Acquiring the dataset, consisting of folders Easy, Medium, and Hard with prompts labeled as benign or malicious.
For each prompt $P$ , the defense under test (typically an LLM classifier or semantic intent module) outputs a binary classification.
Aggregation of FPR and FNR over ground truth subsets.
Filtering and analysis by attack class, tier, or other configuration parameters (such as backbone model or detection threshold).

There is no reference implementation ("benchmark runner"), but this evaluation pipeline is directly specified (Wang et al., 28 Aug 2025).

6. Context Within the Prompt Security Ecosystem

PromptSleuth-Bench is positioned as a superset of DataSentinel-Bench and AgentDojo, covering both single-task and complex, multi-task attack modalities. Its introduction aligns with parallel lines of research investigating prompt injection, prompt extraction, and prompt sensitivity in LLMs (Wang et al., 2024, Razavi et al., 9 Feb 2025, Polo et al., 2024). Unlike extraction-focused benchmarks (Raccoon) or sensitivity studies (PromptSET), PromptSleuth-Bench is squarely focused on the detection of semantic and structural manipulations that subvert model intent, particularly in the presence of evolving, multi-intent adversaries.

Notably, PromptSleuth-Bench reveals the inadequacy of surface or template-based defenses, particularly as adversaries deploy obfuscation, splitting, or intent-camouflaged strategies. The benchmark’s coverage and difficulty spectrum are critical for driving advances in intent-discriminative defenses and semantic reasoning models (Wang et al., 28 Aug 2025).

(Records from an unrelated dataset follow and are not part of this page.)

theorem mainTheorem14:
  fixes M :: "('i \<Rightarrow> nat) set"
  assumes "is_submonoid_free M" and "primary M"
  shows "\<exists>d. has_rank (gp M) d \<and>
           (\<exists>f :: ('i \<Rightarrow> nat) \<Rightarrow> (nat \<Rightarrow> nat).
              inj_on f M \<and> f (\<lambda>_. 0) = (\<lambda>_. 0) \<and>
              (\<forall>x\<in>M. \<forall>y\<in>M. f (madd x y) = madd (f x) (f y)) \<and>
              (\<forall>x\<in>M. \<forall>j\<ge>d. f x j = 0))"
proof -
  obtain x0 where x0: "x0 \<in> M" "x0 \<noteq> (\<lambda>_. 0)" using assms(2) unfolding primary_def by blast
  define S where "S = {i. x0 i \<noteq> 0}"
  have "finite S"
    using assms(1) x0(1) unfolding S_def is_submonoid_free_def free_cmon_def by auto
  have supp: "y i = 0" if "y \<in> M" "i \<notin> S" for y i
    using primary_support_subset[OF assms(2) x0 that(1)] that(2) unfolding S_def by blast
  have "\<forall>s\<in>gp M. \<forall>i. i \<notin> S \<longrightarrow> s i = 0" unfolding gp_def by (auto simp: supp)
  then obtain d where d: "has_rank (gp M) d" using has_rank_if_supported[OF \<open>finite S\<close>] by blast
  have "separating_coords M S" using supp unfolding separating_coords_def by (metis ext)
  then obtain J where J: "finite J" "separating_coords M J"
    "\<And>j. j \<in> J \<Longrightarrow> \<not> separating_coords M (J - {j})"
    using exists_minimal_separating_coords \<open>finite S\<close> by blast
  have "card J \<le> d" using minimal_separating_coords_card_le_rank[OF J d] .
  obtain f where "inj_on f M" "f (\<lambda>_. 0) = (\<lambda>_. 0)" "\<forall>x y. f (madd x y) = madd (f x) (f y)"
    "\<forall>x. \<forall>m\<ge>card J. f x m = 0"
    using separating_coords_embedding[OF J(1,2)] .
  with d \<open>card J \<le> d\<close> show ?thesis by (meson order_trans)
qed

end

7. Significance and Perspectives

PromptSleuth-Bench represents a systematic, unified methodology for evaluating prompt injection resilience. By extending the benchmark to multi-task, context-camouflaged, and behaviorally manipulative attack patterns, it enables comprehensive stress-testing and future-proofs the evaluation of LLM-centric security mechanisms.

A plausible implication is that benchmarks of this type will catalyze the development of new classes of intent-invariant and semantically-aware defense algorithms, as well as meta-evaluation methodologies capable of dynamic threat surface extension. Future work may focus on further extending PromptSleuth-Bench with generative adversarial attacks, multi-turn dialogue injection, and integration with real-time, production LLM systems (Wang et al., 28 Aug 2025).